CSCI 362: Machine Learning Assignment 4
Stochastic Gradient Descent
Part I: Implement mini-batch gradient descent.
Download or cut-and-paste ols_nn.py from our Github repo to your computer.
The program ols_nn.py uses batch gradient descent to train a linear model to fit the climate data.
Here batch means that the model sees all of the data during each pass of the training loop; that
is, during each iteration of the training loop, all of the data are used when computing the gradient.
Modify ols_nn.py by defining a variable (before entering the training loop) called batchsize or similar. Set batchsize to say 4, initially.
Modify the training loop in ols_nn.py so that the model is shown mini-batches of examples, each
of size batchsize (instead of all of the data), during each forward pass.

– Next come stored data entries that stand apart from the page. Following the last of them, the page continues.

lemma relu_sum_affine_antipodal_cancel:
  fixes Q :: "((real^'d::finite) \<times> real) set" and r :: "(real^'d) \<times> real"
  assumes "finite Q" "Q \<subseteq> sphere 0 1" "\<forall>u\<in>Q. - u \<in> Q"
    and affine: "\<forall>x\<in>cball 0 1. (\<Sum>u\<in>Q. c u * relu ((x, 1) \<bullet> u)) = (x, 1) \<bullet> r"
    and "v \<in> Q" "active_neuron v"
  shows "c v + c (- v) = 0"
proof -
  have unit: "norm u = 1" if "u \<in> Q" for u using that assms(2) by auto
  have "{u\<in>Q. \<exists>t. t \<noteq> 0 \<and> u = t *\<^sub>R v} = {v, - v}"
  proof (intro equalityI subsetI)
    fix u assume "u \<in> {u\<in>Q. \<exists>t. t \<noteq> 0 \<and> u = t *\<^sub>R v}"
    then obtain t where "u \<in> Q" "u = t *\<^sub>R v" by auto
    moreover from this have "\<bar>t\<bar> = 1" using unit[of u] unit[OF \<open>v \<in> Q\<close>] by simp
    ultimately show "u \<in> {v, - v}" by (cases "t \<ge> 0") auto
  next
    fix u assume "u \<in> {v, - v}"
    then show "u \<in> {u\<in>Q. \<exists>t. t \<noteq> 0 \<and> u = t *\<^sub>R v}"
      using assms(3,5) by (auto intro: exI[of _ 1] exI[of _ "-1"])
  qed
  moreover have "v \<noteq> - v" using unit[OF \<open>v \<in> Q\<close>] by (intro neq_uminus_if_nonzero) auto
  ultimately show ?thesis
    using relu_sum_affine_kink_cancel[OF assms(1) affine assms(6)] unit assms(3,5) by simp
qed

lemma relu_sum_affine_linear_part:
  fixes Q :: "((real^'d::finite) \<times> real) set" and r :: "(real^'d) \<times> real"
  assumes "finite Q" "Q \<subseteq> sphere 0 1" "\<forall>u\<in>Q. - u \<in> Q"
    and affine: "\<forall>x\<in>cball 0 1. (\<Sum>u\<in>Q. c u * relu ((x, 1) \<bullet> u)) = (x, 1) \<bullet> r"
  shows "r = (\<Sum>v\<in>{v\<in>Q. active_neuron v}. (c v / 2) *\<^sub>R v) + (\<Sum>v\<in>{v\<in>Q. linear_neuron v}. c v *\<^sub>R v)"
proof (rule inner_Pair_one_eq_on_cball_imp_eq, rule ballI)
  fix x :: "real^'d" assume x: "x \<in> cball 0 1"
  define Qa where "Qa = {v\<in>Q. active_neuron v}"
  define Ql where "Ql = {v\<in>Q. linear_neuron v}"
  let ?z = "\<lambda>v. (x, 1) \<bullet> v"
  have odd: "c (- v) = - c v" if "v \<in> Qa" for v
  proof -
    have "c v + c (- v) = 0"
      using relu_sum_affine_antipodal_cancel[OF assms] that unfolding Qa_def by blast
    then show ?thesis by linarith
  qed
  have "(\<Sum>v\<in>Qa. c v * \<bar>?z v\<bar>) = (\<Sum>v\<in>Qa. c (- v) * \<bar>?z (- v)\<bar>)"
    by (rule sum.reindex_bij_witness[of _ uminus uminus]) (auto simp: Qa_def assms(3))
  also have "\<dots> = - (\<Sum>v\<in>Qa. c v * \<bar>?z v\<bar>)"
    by (simp add: odd inner_minus_right sum_negf[symmetric] cong: sum.cong)
  finally have abs_part: "(\<Sum>v\<in>Qa. c v * \<bar>?z v\<bar>) = 0" by simp
  have "(x, 1) \<bullet> r = (\<Sum>v\<in>Q. c v * relu (?z v))" using affine x by simp
  also have "\<dots> = (\<Sum>v\<in>Q. if active_neuron v then c v * relu (?z v) else 0)
                 + (\<Sum>v\<in>Q. if linear_neuron v then c v * ?z v else 0)"
    unfolding sum.distrib[symmetric]
    by (rule sum.cong) (auto simp: relu_linear_neuron[OF x] relu_dead_neuron[OF x] active_not_linear_neuron)
  also have "\<dots> = (\<Sum>v\<in>Qa. c v * relu (?z v)) + (\<Sum>v\<in>Ql. c v * ?z v)"
    unfolding Qa_def Ql_def using assms(1) by (simp add: sum.inter_filter)
  also have "\<dots> = (\<Sum>v\<in>Qa. c v * \<bar>?z v\<bar>) / 2 + (\<Sum>v\<in>Qa. c v / 2 * ?z v) + (\<Sum>v\<in>Ql. c v * ?z v)"
    by (simp add: relu_eq_half_abs_add sum_divide_distrib[symmetric] sum.distrib[symmetric] algebra_simps)
  also have "\<dots> = (x, 1) \<bullet> ((\<Sum>v\<in>Qa. (c v / 2) *\<^sub>R v) + (\<Sum>v\<in>Ql. c v *\<^sub>R v))"
    by (simp add: abs_part inner_add_right inner_sum_right)
  finally show "(x, 1) \<bullet> r = (x, 1) \<bullet> ((\<Sum>v\<in>Qa. (c v / 2) *\<^sub>R v) + (\<Sum>v\<in>Ql. c v *\<^sub>R v))" .
qed

lemma reduced_cost_le_three_total_variation:
  fixes S P :: "((real^'d::finite) \<times> real) set" and r :: "(real^'d) \<times> real"
  assumes "finite S" "S \<subseteq> sphere 0 1" "finite P" "P \<subseteq> sphere 0 1"
    and P_active: "\<forall>p\<in>P. active_neuron p \<and> - p \<notin> P"
    and eq: "\<forall>x\<in>cball 0 1. (\<Sum>v\<in>S. c v * relu ((x, 1) \<bullet> v))
                           = (\<Sum>p\<in>P. \<beta> p * relu ((x, 1) \<bullet> p)) + (x, 1) \<bullet> r"
  shows "(\<Sum>p\<in>P. \<bar>\<beta> p\<bar>) + 2 * norm r \<le> 3 * (\<Sum>v\<in>S. \<bar>c v\<bar>)"
proof -
  txt \<open>Both representations are rewritten over a common support Q, closed under negation, so that
    the cancellation lemmas apply to the coefficients \<open>c' - \<beta>'\<close>.\<close>
  define Q where "Q = S \<union> P \<union> uminus ` (S \<union> P)"
  define c' where "c' v = (if v \<in> S then c v else 0)" for v
  define \<beta>' where "\<beta>' v = (if v \<in> P then \<beta> v else 0)" for v
  define Qa where "Qa = {v\<in>Q. active_neuron v}"
  define Ql where "Ql = {v\<in>Q. linear_neuron v}"
  have Q: "finite Q" "Q \<subseteq> sphere 0 1" "\<forall>u\<in>Q. - u \<in> Q"
    unfolding Q_def using assms(1-4) by (auto simp: image_iff simp del: uminus_Pair)
  have "S \<subseteq> Q" "P \<subseteq> Qa" "uminus ` P \<subseteq> Qa" "Qa \<subseteq> Q" "Ql \<subseteq> Q"
    unfolding Q_def Qa_def Ql_def using P_active by (auto simp del: uminus_Pair)
  have sum_c': "(\<Sum>v\<in>Q. c' v * g v) = (\<Sum>v\<in>S. c v * g v)" for g
    using Q(1) \<open>S \<subseteq> Q\<close> by (intro sum.mono_neutral_cong_right) (auto simp: c'_def)
  have sum_\<beta>': "(\<Sum>v\<in>Q. \<beta>' v * g v) = (\<Sum>p\<in>P. \<beta> p * g p)" for g
    using Q(1) \<open>P \<subseteq> Qa\<close> \<open>Qa \<subseteq> Q\<close> by (intro sum.mono_neutral_cong_right) (auto simp: \<beta>'_def)
  have affine: "\<forall>x\<in>cball 0 1. (\<Sum>v\<in>Q. (c' v - \<beta>' v) * relu ((x, 1) \<bullet> v)) = (x, 1) \<bullet> r"
    using eq by (simp add: left_diff_distrib sum_subtractf sum_c' sum_\<beta>')
  have \<beta>_eq: "\<beta> p = c' p + c' (- p)" if "p \<in> P" for p
  proof -
    have "(c' p - \<beta>' p) + (c' (- p) - \<beta>' (- p)) = 0"
      using relu_sum_affine_antipodal_cancel[OF Q affine, of p] that \<open>P \<subseteq> Qa\<close> unfolding Qa_def by blast
    then show ?thesis using that P_active by (simp add: \<beta>'_def)
  qed
  have \<beta>_le: "(\<Sum>p\<in>P. \<bar>\<beta> p\<bar>) \<le> (\<Sum>v\<in>Qa. \<bar>c' v\<bar>)"
  proof -
    have "(\<Sum>p\<in>P. \<bar>\<beta> p\<bar>) \<le> (\<Sum>p\<in>P. \<bar>c' p\<bar> + \<bar>c' (- p)\<bar>)"
      by (intro sum_mono) (simp add: \<beta>_eq abs_triangle_ineq)
    also have "\<dots> = (\<Sum>v\<in>P. \<bar>c' v\<bar>) + (\<Sum>v\<in>uminus ` P. \<bar>c' v\<bar>)"
      by (simp add: sum.distrib sum.reindex inj_on_def)
    also have "\<dots> = (\<Sum>v\<in>P \<union> uminus ` P. \<bar>c' v\<bar>)"
      using assms(3) P_active by (intro sum.union_disjoint[symmetric]) auto
    also have "\<dots> \<le> (\<Sum>v\<in>Qa. \<bar>c' v\<bar>)"
      using Q(1) \<open>P \<subseteq> Qa\<close> \<open>uminus ` P \<subseteq> Qa\<close> \<open>Qa \<subseteq> Q\<close>
      by (intro sum_mono2) (auto intro: finite_subset)
    finally show ?thesis .
  qed
  have r_le: "norm r \<le> ((\<Sum>v\<in>Qa. \<bar>c' v\<bar>) + (\<Sum>v\<in>Qa. \<bar>\<beta>' v\<bar>)) / 2 + (\<Sum>v\<in>Ql. \<bar>c' v\<bar>)"
  proof -
    have unit: "norm v = 1" if "v \<in> Q" for v using that Q(2) by auto
    have "norm r \<le> (\<Sum>v\<in>Qa. norm (((c' v - \<beta>' v) / 2) *\<^sub>R v)) + (\<Sum>v\<in>Ql. norm ((c' v - \<beta>' v) *\<^sub>R v))"
      unfolding relu_sum_affine_linear_part[OF Q affine] Qa_def[symmetric] Ql_def[symmetric]
      by (intro order_trans[OF norm_triangle_ineq] add_mono norm_sum)
    also have "\<dots> \<le> (\<Sum>v\<in>Qa. (\<bar>c' v\<bar> + \<bar>\<beta>' v\<bar>) / 2) + (\<Sum>v\<in>Ql. \<bar>c' v\<bar>)"
    proof (intro add_mono sum_mono)
      fix v assume "v \<in> Qa"
      then have "norm v = 1" using unit \<open>Qa \<subseteq> Q\<close> by blast
      then show "norm (((c' v - \<beta>' v) / 2) *\<^sub>R v) \<le> (\<bar>c' v\<bar> + \<bar>\<beta>' v\<bar>) / 2"
        using abs_triangle_ineq4[of "c' v" "\<beta>' v"] by simp
    next
      fix v assume "v \<in> Ql"
      then have "v \<notin> P" using P_active active_not_linear_neuron unfolding Ql_def by blast
      then have "\<beta>' v = 0" by (simp add: \<beta>'_def)
      moreover have "norm v = 1" using unit \<open>v \<in> Ql\<close> \<open>Ql \<subseteq> Q\<close> by blast
      ultimately show "norm ((c' v - \<beta>' v) *\<^sub>R v) \<le> \<bar>c' v\<bar>" by simp
    qed
    finally show ?thesis by (simp add: sum_divide_distrib[symmetric] sum.distrib)
  qed
  have "(\<Sum>v\<in>Qa. \<bar>\<beta>' v\<bar>) = (\<Sum>p\<in>P. \<bar>\<beta> p\<bar>)"
    using Q(1) \<open>P \<subseteq> Qa\<close> \<open>Qa \<subseteq> Q\<close>
    by (intro sum.mono_neutral_cong_right) (auto simp: \<beta>'_def intro: finite_subset)
  moreover have "(\<Sum>v\<in>Qa. \<bar>c' v\<bar>) + (\<Sum>v\<in>Ql. \<bar>c' v\<bar>) \<le> (\<Sum>v\<in>S. \<bar>c v\<bar>)"
  proof -
    have "(\<Sum>v\<in>Qa. \<bar>c' v\<bar>) + (\<Sum>v\<in>Ql. \<bar>c' v\<bar>) = (\<Sum>v\<in>Qa \<union> Ql. \<bar>c' v\<bar>)"
      using Q(1) \<open>Qa \<subseteq> Q\<close> \<open>Ql \<subseteq> Q\<close> active_not_linear_neuron unfolding Qa_def Ql_def
      by (intro sum.union_disjoint[symmetric]) auto
    also have "\<dots> \<le> (\<Sum>v\<in>Q. \<bar>c' v\<bar>)"
      using Q(1) \<open>Qa \<subseteq> Q\<close> \<open>Ql \<subseteq> Q\<close> by (intro sum_mono2) auto
    also have "\<dots> = (\<Sum>v\<in>S. \<bar>c v\<bar>)"
      using Q(1) \<open>S \<subseteq> Q\<close> by (intro sum.mono_neutral_cong_right) (auto simp: c'_def)
    finally show ?thesis .
  qed
  moreover have "0 \<le> (\<Sum>v\<in>Ql. \<bar>c' v\<bar>)" by (simp add: sum_nonneg)
  ultimately show ?thesis using \<beta>_le r_le by argo
qed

Organize your code so that, if you set batchsize = 32, then you recover batch gradient descent;
and if you set batchsize = 1, you get stochastic gradient descent as discussed in class.
Make sure your code works as expected when you set batchsize = 32. You will likely need to adjust
your learning parameters in order to recover high-quality convergence if batchsize is significantly
smaller than 32.
Submit a readable screenshot of your modified training loop including any surrounding code that you
modified or added. Also include a readable screenshot with the output of a run demonstrating good
convergence with batchsize = 4.
Note: if one accumulates the loss outside the inner for loop, as Simmons did in class, then the
appropriate adjustment is: accum_loss * batchsize / num_examples.

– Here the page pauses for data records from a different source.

lemma degree_le_monic_in_ideal:
  assumes cr: "chain_ring R" and gen: "\<And>x. x \<in> max_ideal R \<Longrightarrow> \<exists>r\<in>R. x = \<pi> * r"
    and I: "ideal_in UNIV I" "\<pi> \<in> I" "1 \<notin> I"
    and h: "poly_over R h" "lead_coeff h = 1" "irreducible_mod_max R h" "poly h \<theta> = 0"
    and g: "poly_over R g" "lead_coeff g = 1" "poly g \<theta> \<in> I"
  shows "degree h \<le> degree g"
proof (rule ccontr)
  let ?P = "\<lambda>g. poly_over R g \<and> lead_coeff g = 1 \<and> poly g \<theta> \<in> I"
  obtain g0 where g0: "?P g0" and min: "\<And>g. ?P g \<Longrightarrow> degree g0 \<le> degree g"
    using ex_has_least_nat[of ?P g degree] g by blast
  assume "\<not> degree h \<le> degree g"
  then have g0h: "degree g0 < degree h" using min g by fastforce
  have "degree g0 \<noteq> 0"
  proof
    assume "degree g0 = 0"
    then have "g0 = 1" using g0 by (metis degree_0_id one_pCons)
    then show False using g0 I(3) by simp
  qed
  obtain q r where div: "poly_over R q" "poly_over R r" "h = g0 * q + r" "r = 0 \<or> degree r < degree g0"
    using monic_division[OF chain_ring_subring_set[OF cr] _ _ h(1)] g0 by blast
  have "poly r \<theta> = (- poly q \<theta>) * poly g0 \<theta>"
    using div(3) h(4) by (simp add: algebra_simps eq_neg_iff_add_eq_0)
  then have "poly r \<theta> \<in> I" using ideal_in_UNIV_closed(2)[OF I(1)] g0 by metis
  moreover have "degree r < degree g0" using div(4) \<open>degree g0 \<noteq> 0\<close> by auto
  ultimately have "coeff (h - g0 * q) i \<in> max_ideal R" for i
    using coeffs_in_max_ideal_if_no_lower_monic[OF cr gen I(1,2) div(2)] min div(3)
    by (simp add: order_less_le_trans)
  moreover have "lead_coeff q = 1" "degree h = degree g0 + degree q"
    using monic_division_quotient_monic[OF h(2) _ _ div(3,4)] g0 g0h by auto
  ultimately show False
    using h(3) g0 div(1) \<open>degree g0 \<noteq> 0\<close> g0h unfolding irreducible_mod_max_def by force
qed

lemma one_minus_nilpotent_unit:
  fixes z :: "'a::comm_ring_1"
  assumes "z ^ e = 0"
  shows "(1 - z) dvd 1"
  using one_diff_power_eq[of z e] assms by (metis diff_zero dvdI)

lemma uniformizer_dvd_nonunit:
  assumes cr: "chain_ring R" and hq: "is_quot_by R h"
    and gen: "\<And>x. x \<in> max_ideal R \<Longrightarrow> \<exists>r\<in>R. x = \<pi> * r" and nil: "\<pi> ^ e = 0"
    and s: "\<not> s dvd 1"
  shows "\<pi> dvd s"
proof -
  define I where "I = {s * t + \<pi> * y | t y. True}"
  have I: "ideal_in UNIV I" unfolding I_def by (rule ideal_in_UNIV_combinations)
  have in_I: "s * t + \<pi> * y \<in> I" for t y unfolding I_def by blast
  have "\<pi> \<in> I" "s \<in> I" using in_I[of 0 1] in_I[of 1 0] by simp_all
  have "1 \<notin> I"
  proof
    assume "1 \<in> I"
    then obtain t y where "1 = s * t + \<pi> * y" unfolding I_def by blast
    then have "s * t = 1 - \<pi> * y" by (simp add: algebra_simps)
    moreover have "(1 - \<pi> * y) dvd 1" using nil by (intro one_minus_nilpotent_unit[of _ e]) (simp add: power_mult_distrib)
    ultimately show False using s by (metis dvd_mult_left)
  qed
  obtain \<theta> where \<theta>: "poly h \<theta> = 0"
    and onto: "bij_betw (\<lambda>p. poly p \<theta>) {p. poly_over R p \<and> degree p < degree h} UNIV"
    using hq unfolding is_quot_by_def by blast
  obtain p where p: "poly_over R p" "degree p < degree h" "s = poly p \<theta>"
    using onto unfolding bij_betw_def by (metis (no_types, lifting) UNIV_I imageE mem_Collect_eq)
  have "coeff p i \<in> max_ideal R" for i
    using coeffs_in_max_ideal_if_no_lower_monic[OF cr gen I \<open>\<pi> \<in> I\<close> p(1)] p(2,3) \<open>s \<in> I\<close>
      degree_le_monic_in_ideal[OF cr gen I \<open>\<pi> \<in> I\<close> \<open>1 \<notin> I\<close>, of h \<theta>] hq \<theta>
    unfolding is_quot_by_def by fastforce
  then show ?thesis using dvd_poly_if_coeffs_in_max_ideal[OF gen] p(3) by blast
qed

lemma chain_ring_extension_base_times_unit:
  fixes R :: "'a::{comm_ring_1,finite} set"
  assumes cr: "chain_ring R" and hq: "is_quot_by R h"
  shows "\<exists>r\<in>R. \<exists>w. w dvd 1 \<and> s = r * w"
proof -
  have sR: "subring_set R" using cr by (rule chain_ring_subring_set)
  obtain \<pi> where \<pi>: "\<pi> \<in> max_ideal R" and gen: "\<And>x. x \<in> max_ideal R \<Longrightarrow> \<exists>r\<in>R. x = \<pi> * r"
    using chain_ring_max_ideal_principal[OF cr] by blast
  obtain e where nil: "\<pi> ^ e = 0" using chain_ring_max_ideal_nilpotent[OF cr \<pi>] by blast
  have \<pi>R: "\<pi> \<in> R" using \<pi> unfolding max_ideal_def by auto
  have "(\<exists>r\<in>R. \<exists>w. w dvd 1 \<and> s = r * w) \<or> \<pi> ^ k dvd s" for k
  proof (induction k)
    case (Suc k)
    show ?case
    proof (cases "\<pi> ^ k dvd s")
      case True
      then obtain y where y: "s = \<pi> ^ k * y" by (rule dvdE)
      show ?thesis
      proof (cases "y dvd 1")
        case True
        then show ?thesis using y subring_set_power[OF sR \<pi>R] by blast
      next
        case False
        then have "\<pi> dvd y" using uniformizer_dvd_nonunit[OF cr hq gen nil] by blast
        then have "\<pi> ^ k * \<pi> dvd \<pi> ^ k * y" by (rule mult_dvd_mono[OF dvd_refl])
        then show ?thesis using y by (simp add: power_Suc2 del: power_Suc)
      qed
    qed (use Suc.IH in blast)
  qed simp
  from this[of e] have "(\<exists>r\<in>R. \<exists>w. w dvd 1 \<and> s = r * w) \<or> s = 0" using nil by simp
  then show ?thesis
  proof
    assume "s = 0"
    then show ?thesis using subring_set_closed(1)[OF sR] by (intro bexI[of _ 0] exI[of _ 1]) simp_all
  qed
qed

lemma chain_ring_extension_nonunit_annihilated:
  fixes R :: "'a::{comm_ring_1,finite} set"
  assumes cr: "chain_ring R" and hq: "is_quot_by R h" and b: "\<not> b dvd 1"
  shows "\<exists>r\<in>R. r \<noteq> 0 \<and> r * b = 0"
proof -
  have sR: "subring_set R" using cr by (rule chain_ring_subring_set)
  obtain r w where rw: "r \<in> R" "w dvd 1" "b = r * w"
    using chain_ring_extension_base_times_unit[OF cr hq] by blast
  have "r \<in> max_ideal R"
  proof (rule ccontr)
    assume "r \<notin> max_ideal R"
    then obtain u where "r * u = 1" using invertible_if_notin_max_ideal[OF rw(1)] by blast
    then have "r dvd 1" by (rule dvdI[OF sym])
    then show False using b rw(2,3) mult_dvd_mono[of r 1 w 1] by simp
  qed
  then obtain n where "r ^ n = 0" by (rule chain_ring_max_ideal_nilpotent[OF cr])
  define m where "m = (LEAST n. r ^ n = 0)"
  have "r ^ m = 0" unfolding m_def using \<open>r ^ n = 0\<close> by (rule LeastI)
  moreover have "m \<noteq> 0" using \<open>r ^ m = 0\<close> cr unfolding chain_ring_def by (intro notI) simp
  ultimately obtain k where k: "r ^ Suc k = 0" "r ^ k \<noteq> 0"
    using not_less_Least[of _ "\<lambda>n. r ^ n = 0"] unfolding m_def by (metis lessI not0_implies_Suc)
  have "r ^ k * b = r ^ Suc k * w" using rw(3) by (simp add: algebra_simps)
  then show ?thesis using k subring_set_power[OF sR rw(1)] by auto
qed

Part II: Peer review one of your classmate’s implementation of SGD.
On Canvas, you will be assigned to peer review another student’s solution for Part I.
In your peer review, please comment on
1. the general correctness/style/readability of your classmate’s code, as well as
2. its algorithmic integrity:
– are all examples in the dataset seen during training?
– is high-quality stochasticity employed?